I sucked snot from my baby’s nose today. Through my mouth. I was disgusted, but when you’re suddenly afraid that a little congestion could mean the end of your baby, you do what you have to do.
Oliver and I snuggled quietly for the first full hour after he came out.
Three weeks ago, we were in the children’s hospital waiting anxiously to hear the results of our five-week-old’s MRI. He had been having tiny seizures every so often since birth, but they had suddenly jumped in quantity. We were dreading the announcement that our baby would have epilepsy, which seemed like such a worst case scenario at the time. Instead, the neurologist came back with a word that even my dad, a family practice physician with 30 years’ experience, had not heard of – lissencephaly. It’s so rare that this program is telling me it’s a misspelled word. Even WordPress hasn’t heard of it. And suddenly, we really, really wished our baby had epilepsy.
Newborn portrait session
What we learned over the next hour of research (of which there is startlingly little on the entire interwebs) is that our little boy’s brain did not develop in the womb. Only two sections came out correctly and the rest remained smooth, rather than developing the typical grooves and folds in a normal brain. This is a developmental “mistake” that can happen in 1 in 85,000 to 100,000 babies. Yea us. Oliver will always have seizures, which may not be controllable someday, and he will likely not develop mentally past the capacity of an infant.
We felt like the doctor told us to go home, preorder his wheelchair and cancel all our appointments for the rest of our lives. We cried a lot. A LOT. Our daughter, Margot, is a healthy, bouncy, snarky, going-to-be-6-ft-tall three-year-old. She’s advanced for her age. Her intellect and humor already blows us away. How could this happen?
Margot has still not stopped petting her brother’s head every couple of minutes.

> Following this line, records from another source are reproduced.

lemma loxodromic_displacement_gap:
  assumes "loxodromic G act p g"
  shows "\<exists>k>0. displacement g p k + 3 * \<delta> < displacement g p (2 * k)"
proof -
  obtain L where L: "L > 0" "\<And>n. L * real n \<le> displacement g p n"
    "(\<lambda>n. displacement g p n / real n) \<longlonglongrightarrow> L"
    using loxodromic_displacement_linear[OF assms] by blast
  have "eventually (\<lambda>n. displacement g p n / real n < 3 * L / 2) sequentially"
    using order_tendstoD(2)[OF L(3), of "3 * L / 2"] L(1) by simp
  moreover have "eventually (\<lambda>n. nat \<lceil>6 * \<delta> / L\<rceil> + 1 \<le> n) sequentially"
    by (rule eventually_ge_at_top)
  ultimately have "eventually (\<lambda>n. displacement g p n / real n < 3 * L / 2 \<and> nat \<lceil>6 * \<delta> / L\<rceil> + 1 \<le> n)
      sequentially"
    by (rule eventually_conj)
  then obtain k where k: "displacement g p k / real k < 3 * L / 2" "nat \<lceil>6 * \<delta> / L\<rceil> + 1 \<le> k"
    unfolding eventually_sequentially by blast
  then have "k > 0" and "6 * \<delta> / L < real k"
    by linarith+
  then have "6 * \<delta> < L * real k"
    using L(1) by (simp add: field_simps)
  moreover have "displacement g p k < 3 / 2 * (L * real k)"
    using k(1) \<open>k > 0\<close> by (simp add: field_simps)
  moreover have "2 * (L * real k) \<le> displacement g p (2 * k)"
    using L(2)[of "2 * k"] by simp
  ultimately show ?thesis
    using \<open>k > 0\<close> by (intro exI[of _ k]) linarith
qed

After three weeks and 500 conversations on the nature of God and this crappy, crappy world we live in, I’ve come to one conclusion: this is our boy. He is beautiful and he is a miracle. And the beautiful thing is, we’re given opportunity to see every tiny accomplishment he has as exactly that – a miracle. We let it slip by so simply with normal children. We check things off our milestone “to do” list. “Head up, check. Tracking, check.” With Ollie, I’m searching, waiting for the tiniest thing from which to draw more happiness than he’s already brought us. I’m not sure what his grand purpose will be (and there is one, people, I know it), but this one is pretty great. He will remind us of the beauty in the little things in life. He will remind us to take joy in simple gifts, real relationships, and defending the vulnerable.

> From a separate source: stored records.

(* Let $L$ be a semiprime right Leibniz algebra and $Q$ an algebra of quotients of $L$. Then for every essential ideal $I$ of $L$, $Q$ is also an algebra of quotients of $I$.
   Context: A right Leibniz algebra satisfies $[x,[y,z]]=[[x,y],z]-[[x,z],y]$. Ideals: subspaces $I$ with $[I,L]\subseteq I$, $[L,I]\subseteq I$; $L$ is semiprime if $[I,I]\ne\{0\}$ for every nonzero ideal $I$; an ideal is essential if it meets every nonzero ideal nontrivially. For a subalgebra $K$ of $Q$ and $q\in Q$: for $x\in K$ let $R_x(u)=[u,x]$, $L_x(u)=[x,u]$ on $Q$, $\mathscr{A}(K)$ the associative algebra they generate, ${}_K(q)=\mathbb{F}q+\{\sum\xi_i(q):\xi_i\in\mathscr{A}(K)\}$, $(K:q)=\{x\in K:[x,{}_K(q)]\subseteq K,[{}_K(q),x]\subseteq K\}$. $Q$ is an algebra of quotients of $K$ if for all $p,q\in Q$, $p\ne0$, there is $x\in(K:q)$ with $[x,p]\ne0$ or $y\in(K:q)$ with $[p,y]\ne0$. *)

theory Defs
  imports Main "HOL.Vector_Spaces"
begin

definition leibniz_alg :: "('k::field \<Rightarrow> 'v::ab_group_add \<Rightarrow> 'v) \<Rightarrow> ('v \<Rightarrow> 'v \<Rightarrow> 'v) \<Rightarrow> bool" where
  "leibniz_alg scale br \<longleftrightarrow>
     vector_space scale \<and>
     (\<forall>x y z. br (x + y) z = br x z + br y z) \<and>
     (\<forall>x y z. br x (y + z) = br x y + br x z) \<and>
     (\<forall>c x y. br (scale c x) y = scale c (br x y)) \<and>
     (\<forall>c x y. br x (scale c y) = scale c (br x y)) \<and>
     (\<forall>x y z. br x (br y z) = br (br x y) z - br (br x z) y)"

I had already started planning this blog before Oliver’s diagnosis of this marathon of a condition. It was going to be an outlet for me creatively and a place where I can help my friends and others with finding ways to bring a little pretty into their lives without hurting themselves financially. And now I know that it is also a place for me to record my family’s journey in finding beauty in our home and our children (like the beauty that is sleeping more soundly because they are not choking on their own snot) and a challenge for you to do the same.
If you are here just to keep up with this personal side of our journey and design and fashion are not your bag, feel free to subscribe to the posts about Oliver and our family alone in the slider bar to the left. It will filter them out and deliver them straight to your mailbox. Otherwise, I hope that you’ll bear with me as I use this new venue to explore a little more of myself. And maybe you’ll find a little pretty along the way.